PROBLEM STATEMENT>
Begin at the top of the following data. Copy each line exactly until you have copied the line containing "fix x assume".

INPUT FOR THIS TASK>
lemma join_cover_Un:
  assumes "A \<inter> B = {}" "has_finite_subcover X (join_cover X T U A)"
    "has_finite_subcover X (join_cover X T U B)"
  shows "has_finite_subcover X (join_cover X T U (A \<union> B))"
    and "cover_num X (join_cover X T U (A \<union> B))
           \<le> cover_num X (join_cover X T U A) * cover_num X (join_cover X T U B)"
proof -
  obtain W1 where W1: "W1 \<subseteq> join_cover X T U A" "finite W1"
    "card W1 = cover_num X (join_cover X T U A)" "\<Union>W1 = topspace X"
    using obtain_minimal_subcover[OF assms(2)] .
  obtain W2 where W2: "W2 \<subseteq> join_cover X T U B" "finite W2"
    "card W2 = cover_num X (join_cover X T U B)" "\<Union>W2 = topspace X"
    using obtain_minimal_subcover[OF assms(3)] .
  define V where "V = (\<lambda>(v, w). v \<inter> w) ` (W1 \<times> W2)"
  have "V \<subseteq> join_cover X T U (A \<union> B)"
  proof
    fix u assume "u \<in> V"
    then obtain v w where v: "v \<in> W1" and w: "w \<in> W2" and u: "u = v \<inter> w" unfolding V_def by blast
    obtain f where f: "\<forall>i\<in>A. f i \<in> U" "v = topspace X \<inter> (\<Inter>i\<in>A. iter_preimage X T i (f i))"
      using W1(1) v unfolding join_cover_def by blast
    obtain g where g: "\<forall>i\<in>B. g i \<in> U" "w = topspace X \<inter> (\<Inter>i\<in>B. iter_preimage X T i (g i))"
      using W2(1) w unfolding join_cover_def by blast
    define h where "h i = (if i \<in> A then f i else g i)" for i
    have h_A: "(\<Inter>i\<in>A. iter_preimage X T i (h i)) = (\<Inter>i\<in>A. iter_preimage X T i (f i))"
      by (simp add: h_def)
    have h_B: "(\<Inter>i\<in>B. iter_preimage X T i (h i)) = (\<Inter>i\<in>B. iter_preimage X T i (g i))"
      by (rule INF_cong) (use assms(1) in \<open>auto simp: h_def\<close>)
    have "u = topspace X \<inter> (\<Inter>i\<in>A \<union> B. iter_preimage X T i (h i))"
      unfolding u f(2) g(2) INT_Un h_A h_B by auto
    then show "u \<in> join_cover X T U (A \<union> B)"
      unfolding join_cover_def using f(1) g(1) by (intro CollectI exI[of _ h]) (auto simp: h_def)
  qed
  moreover have "\<Union>V = topspace X"
  proof
    show "\<Union>V \<subseteq> topspace X" using W1(4) unfolding V_def by auto
    show "topspace X \<subseteq> \<Union>V"
    proof
      fix x assume "x \<in> topspace X"
      then have "x \<in> \<Union>W1" "x \<in> \<Union>W2" using W1(4) W2(4) by simp_all
      then obtain v w where "v \<in> W1" "w \<in> W2" "x \<in> v \<inter> w" by blast
      then show "x \<in> \<Union>V" unfolding V_def by blast
    qed
  qed
  ultimately show "has_finite_subcover X (join_cover X T U (A \<union> B))"
    "cover_num X (join_cover X T U (A \<union> B))
       \<le> cover_num X (join_cover X T U A) * cover_num X (join_cover X T U B)"
    using cover_num_image_le[of "W1 \<times> W2"] W1(2,3) W2(2,3) unfolding V_def
    by (auto simp: card_cartesian_product)
qed

lemma has_finite_subcover_join_cover_empty: "has_finite_subcover X (join_cover X T U {})"
proof -
  have "join_cover X T U {} = {topspace X}" unfolding join_cover_def by auto
  then show ?thesis by (auto simp: has_finite_subcover_def)
qed
text \<open>Canonical representatives of elements of the sphere partial operad K.
  pz k : position of the k-th positive puncture (k = 1..n; pz n = 0),
  sa k : the constant a_0^(k) (k = 1..n),
  sA k : the sequence A^(k) (k = 0..n; index j >= 1).
  Unused entries are normalised to 0, so that equal classes = equal records.\<close>

record sphere =
  pz :: "nat \<Rightarrow> complex"
  sa :: "nat \<Rightarrow> complex"
  sA :: "nat \<Rightarrow> nat \<Rightarrow> complex"

text \<open>Coefficients of T^k x, where T = sum_{j>=1} A_j x^(j+1) d/dx, as a formal power series.\<close>
fun iterT :: "(nat \<Rightarrow> complex) \<Rightarrow> nat \<Rightarrow> nat \<Rightarrow> complex" where
  "iterT A 0 = (\<lambda>l. if l = 1 then 1 else 0)"
| "iterT A (Suc k) = (\<lambda>l. \<Sum>j = 1..<l. A j * of_nat (l - j) * iterT A k (l - j))"

text \<open>Coefficients of exp(T) x (T^k x has order >= k+1, so the sum is finite).\<close>
definition expcoef :: "(nat \<Rightarrow> complex) \<Rightarrow> nat \<Rightarrow> complex" where
  "expcoef A l = (\<Sum>k\<le>l. iterT A k l / of_nat (fact k))"

definition ser :: "(nat \<Rightarrow> complex) \<Rightarrow> complex \<Rightarrow> complex" where
  "ser A x = (\<Sum>l. expcoef A l * x ^ l)"

text \<open>Local coordinates of the canonical representative:
  f_0(w) = - exp(T_A0) x at x = 1/w  (equivalently -exp(-sum A_j w^(-j+1) d/dw)(1/w)),
  f_k(w) = a_0^(k) exp(T_Ak) x at x = w - z_k.\<close>
definition loc :: "sphere \<Rightarrow> nat \<Rightarrow> complex \<Rightarrow> complex" where
  "loc P k w = (if k = 0 then - ser (sA P 0) (inverse w)
                else sa P k * ser (sA P k) (w - pz P k))"
(* Let $W$ be a channel from $\{1,\dots,m\}$ to $\{1,\dots,n\}$ and let $s$ be the number of distinct values among the entries $W_{i,j}$. Then every $\lambda\in\Lambda(W)$ satisfies \[ \mathrm{w}(\lambda)\ge \max\big(\lceil\log_2 s\rceil,\ \mathrm{w}(W_{1,*}),\dots,\mathrm{w}(W_{m,*})\big). \]
   Context: A channel is a row-stochastic matrix; $\mathcal{D}$ is the set of deterministic (0-1) channels from $\{1,\dots,m\}$ to $\{1,\dots,n\}$. $\Lambda(W)=\{\lambda\text{ probability distribution on }\mathcal{D}: W=\sum_D\lambda_DD\}$. $\mathrm{w}(x)$ is the number of nonzero entries of a vector $x$ (for $\lambda$, the size of its support); $W_{i,*}$ is the $i$-th row of $W$. *)

theory Defs
  imports Complex_Main
begin

definition channel :: "('m::finite \<Rightarrow> 'n::finite \<Rightarrow> real) \<Rightarrow> bool" where
  "channel W \<longleftrightarrow> (\<forall>i j. W i j \<ge> 0) \<and> (\<forall>i. (\<Sum>j\<in>UNIV. W i j) = 1)"

definition det_channels :: "('m::finite \<Rightarrow> 'n::finite \<Rightarrow> real) set" where
  "det_channels = {D. channel D \<and> (\<forall>i j. D i j = 0 \<or> D i j = 1)}"

definition Lambda :: "('m::finite \<Rightarrow> 'n::finite \<Rightarrow> real)
    \<Rightarrow> (('m \<Rightarrow> 'n \<Rightarrow> real) \<Rightarrow> real) set" where
  "Lambda W = {lam. (\<forall>D. lam D \<ge> 0) \<and> (\<forall>D. D \<notin> det_channels \<longrightarrow> lam D = 0)
      \<and> (\<Sum>D\<in>det_channels. lam D) = 1
      \<and> W = (\<lambda>i j. \<Sum>D\<in>det_channels. lam D * D i j)}"

definition wt_dist :: "(('m \<Rightarrow> 'n \<Rightarrow> real) \<Rightarrow> real) \<Rightarrow> nat" where
  "wt_dist lam = card {D. lam D \<noteq> 0}"

definition wt_vec :: "('n::finite \<Rightarrow> real) \<Rightarrow> nat" where
  "wt_vec x = card {j. x j \<noteq> 0}"

end

theory Submission
  imports Defs "HOL-Library.FuncSet"
begin

text \<open>Write \<open>S\<close> for the support of \<open>\<lambda>\<close>. Every entry of \<open>W\<close> is the \<open>\<lambda>\<close>-mass of those \<open>D \<in> S\<close>
  with \<open>D i j = 1\<close>, i.e. a subset sum over \<open>S\<close>; so \<open>W\<close> has at most \<open>2 ^ |S|\<close> distinct entries.
  Each deterministic channel has a single \<open>1\<close> in row \<open>i\<close>, so \<open>W i j \<noteq> 0\<close> requires some \<open>D \<in> S\<close>
  sending \<open>i\<close> to \<open>j\<close>, and row \<open>i\<close> of \<open>W\<close> has at most \<open>|S|\<close> nonzero entries.\<close>

lemma finite_det_channels: "finite (det_channels :: ('m::finite \<Rightarrow> 'n::finite \<Rightarrow> real) set)"
proof (rule finite_subset)
  show "det_channels \<subseteq> PiE (UNIV::'m set) (\<lambda>_. PiE (UNIV::'n set) (\<lambda>_. {0::real,1}))"
    unfolding det_channels_def by (auto simp: PiE_UNIV_domain)
  show "finite (PiE (UNIV::'m set) (\<lambda>_. PiE (UNIV::'n set) (\<lambda>_. {0::real,1})))"
    by (intro finite_PiE) auto
qed

lemma det_channel_entry_cases:
  assumes "D \<in> det_channels"
  shows "D i j = 0 \<or> D i j = 1"
  using assms unfolding det_channels_def by auto

lemma det_channel_row_unique:
  assumes "D \<in> det_channels" and "D i j = 1" and "D i j' = 1"
  shows "j' = j"
proof (rule ccontr)
  assume "j' \<noteq> j"
  have "channel D" using assms(1) unfolding det_channels_def by auto
  hence nonneg: "\<And>b. D i b \<ge> 0" and row_sum: "(\<Sum>b\<in>UNIV. D i b) = 1"
    unfolding channel_def by auto
  have "(2::real) = (\<Sum>b\<in>{j,j'}. D i b)" using assms(2,3) \<open>j' \<noteq> j\<close> by simp
  also have "\<dots> \<le> (\<Sum>b\<in>UNIV. D i b)" by (rule sum_mono2) (auto simp: nonneg)
  finally show False using row_sum by simp
qed

lemma Lambda_support_subset:
  assumes "lam \<in> Lambda W"
  shows "{D. lam D \<noteq> 0} \<subseteq> det_channels"
  using assms unfolding Lambda_def by auto

lemma finite_Lambda_support:
  assumes "lam \<in> Lambda W"
  shows "finite {D. lam D \<noteq> 0}"
  using finite_subset[OF Lambda_support_subset[OF assms] finite_det_channels] .

lemma Lambda_entry_eq_support_sum:
  assumes "lam \<in> Lambda W"
  shows "W i j = sum lam {D \<in> {D. lam D \<noteq> 0}. D i j = 1}"
proof -
  define S where "S = {D. lam D \<noteq> 0}"
  have S_sub: "S \<subseteq> det_channels" using Lambda_support_subset[OF assms] by (simp add: S_def)
  have "W i j = (\<Sum>D\<in>det_channels. lam D * D i j)"
    using assms unfolding Lambda_def by auto
  also have "\<dots> = (\<Sum>D\<in>S. lam D * D i j)"
    by (rule sum.mono_neutral_right[OF finite_det_channels S_sub]) (auto simp: S_def)
  also have "\<dots> = (\<Sum>D\<in>S. if D i j = 1 then lam D else 0)"
    using S_sub det_channel_entry_cases by (intro sum.cong) fastforce+
  also have "\<dots> = sum lam {D \<in> S. D i j = 1}"
    using finite_Lambda_support[OF assms] unfolding S_def[symmetric] by (simp add: sum.inter_filter)
  finally show ?thesis by (simp add: S_def)
qed

lemma card_le_two_pow_if_subset_image_Pow:
  assumes "finite S" and "A \<subseteq> f ` Pow S"
  shows "card A \<le> 2 ^ card S"
proof -
  have "card A \<le> card (f ` Pow S)" using assms by (intro card_mono) auto
  also have "\<dots> \<le> card (Pow S)" using assms(1) by (intro card_image_le) simp
  finally show ?thesis using assms(1) by (simp add: card_Pow)
qed

lemma nat_ceiling_log2_le:
  assumes "0 < k" and "k \<le> 2 ^ n"
  shows "nat \<lceil>log 2 (real k)\<rceil> \<le> n"
proof -
  have "log 2 (real k) \<le> log 2 (2 ^ n)"
    using assms by (subst log_le_cancel_iff) (auto simp flip: of_nat_power)
  hence "log 2 (real k) \<le> real n" by (simp add: log_nat_power)
  thus ?thesis by linarith
qed

lemma card_values_le_two_pow_wt_dist:
  assumes "lam \<in> Lambda W"
  shows "card {W i j | i j. True} \<le> 2 ^ wt_dist lam"
proof -
  note finite_Lambda_support[OF assms]
  moreover have "{W i j | i j. True} \<subseteq> sum lam ` Pow {D. lam D \<noteq> 0}"
    using Lambda_entry_eq_support_sum[OF assms] by auto
  ultimately show ?thesis
    unfolding wt_dist_def by (rule card_le_two_pow_if_subset_image_Pow)
qed

lemma wt_vec_row_le_wt_dist:
  assumes "lam \<in> Lambda W"
  shows "wt_vec (W i) \<le> wt_dist lam"
proof -
  define S where "S = {D. lam D \<noteq> 0}"
  have S_sub: "S \<subseteq> det_channels" using Lambda_support_subset[OF assms] by (simp add: S_def)
  have "{j. W i j \<noteq> 0} \<subseteq> (\<lambda>D. THE j. D i j = 1) ` S"
  proof
    fix j assume "j \<in> {j. W i j \<noteq> 0}"
    hence "sum lam {D \<in> S. D i j = 1} \<noteq> 0"
      using Lambda_entry_eq_support_sum[OF assms, of i j] by (simp add: S_def)
    hence "{D \<in> S. D i j = 1} \<noteq> {}" by (metis sum.empty)
    then obtain D where D: "D \<in> S" "D i j = 1" by blast
    have "(THE j. D i j = 1) = j"
      using D S_sub det_channel_row_unique by (intro the_equality) blast+
    thus "j \<in> (\<lambda>D. THE j. D i j = 1) ` S" using D(1) by force
  qed
  moreover have "finite S" using finite_Lambda_support[OF assms] by (simp add: S_def)
  ultimately have "card {j. W i j \<noteq> 0} \<le> card ((\<lambda>D. THE j. D i j = 1) ` S)"
    by (intro card_mono) auto
  also have "\<dots> \<le> card S" using \<open>finite S\<close> by (rule card_image_le)
  finally show ?thesis unfolding wt_vec_def wt_dist_def S_def .
qed

theorem proposition13:
  fixes W :: "'m::finite \<Rightarrow> 'n::finite \<Rightarrow> real"
    and lam :: "('m \<Rightarrow> 'n \<Rightarrow> real) \<Rightarrow> real"
  assumes "channel W"
    and "lam \<in> Lambda W"
  shows "wt_dist lam \<ge>
    max (nat \<lceil>log 2 (real (card {W i j | i j. True}))\<rceil>) (Max (range (\<lambda>i. wt_vec (W i))))"
proof -
  have "finite {W i j | i j. True}"
    using finite_image_set2[of "\<lambda>_. True" "\<lambda>_. True" W] by simp
  hence "0 < card {W i j | i j. True}" by (auto simp: card_gt_0_iff)
  hence "nat \<lceil>log 2 (real (card {W i j | i j. True}))\<rceil> \<le> wt_dist lam"
    using card_values_le_two_pow_wt_dist[OF assms(2)] by (rule nat_ceiling_log2_le)
  moreover have "Max (range (\<lambda>i. wt_vec (W i))) \<le> wt_dist lam"
    using wt_vec_row_le_wt_dist[OF assms(2)] by (subst Max_le_iff) auto
  ultimately show ?thesis by simp
qed

end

TASK ANSWER>
lemma join_cover_Un:
  assumes "A \<inter> B = {}" "has_finite_subcover X (join_cover X T U A)"
    "has_finite_subcover X (join_cover X T U B)"
  shows "has_finite_subcover X (join_cover X T U (A \<union> B))"
    and "cover_num X (join_cover X T U (A \<union> B))
           \<le> cover_num X (join_cover X T U A) * cover_num X (join_cover X T U B)"
proof -
  obtain W1 where W1: "W1 \<subseteq> join_cover X T U A" "finite W1"
    "card W1 = cover_num X (join_cover X T U A)" "\<Union>W1 = topspace X"
    using obtain_minimal_subcover[OF assms(2)] .
  obtain W2 where W2: "W2 \<subseteq> join_cover X T U B" "finite W2"
    "card W2 = cover_num X (join_cover X T U B)" "\<Union>W2 = topspace X"
    using obtain_minimal_subcover[OF assms(3)] .
  define V where "V = (\<lambda>(v, w). v \<inter> w) ` (W1 \<times> W2)"
  have "V \<subseteq> join_cover X T U (A \<union> B)"
  proof
    fix u assume "u \<in> V"
    then obtain v w where v: "v \<in> W1" and w: "w \<in> W2" and u: "u = v \<inter> w" unfolding V_def by blast
    obtain f where f: "\<forall>i\<in>A. f i \<in> U" "v = topspace X \<inter> (\<Inter>i\<in>A. iter_preimage X T i (f i))"
      using W1(1) v unfolding join_cover_def by blast
    obtain g where g: "\<forall>i\<in>B. g i \<in> U" "w = topspace X \<inter> (\<Inter>i\<in>B. iter_preimage X T i (g i))"
      using W2(1) w unfolding join_cover_def by blast
    define h where "h i = (if i \<in> A then f i else g i)" for i
    have h_A: "(\<Inter>i\<in>A. iter_preimage X T i (h i)) = (\<Inter>i\<in>A. iter_preimage X T i (f i))"
      by (simp add: h_def)
    have h_B: "(\<Inter>i\<in>B. iter_preimage X T i (h i)) = (\<Inter>i\<in>B. iter_preimage X T i (g i))"
      by (rule INF_cong) (use assms(1) in \<open>auto simp: h_def\<close>)
    have "u = topspace X \<inter> (\<Inter>i\<in>A \<union> B. iter_preimage X T i (h i))"
      unfolding u f(2) g(2) INT_Un h_A h_B by auto
    then show "u \<in> join_cover X T U (A \<union> B)"
      unfolding join_cover_def using f(1) g(1) by (intro CollectI exI[of _ h]) (auto simp: h_def)
  qed
  moreover have "\<Union>V = topspace X"
  proof
    show "\<Union>V \<subseteq> topspace X" using W1(4) unfolding V_def by auto
    show "topspace X \<subseteq> \<Union>V"
    proof
      fix x assume "x \<in> topspace X"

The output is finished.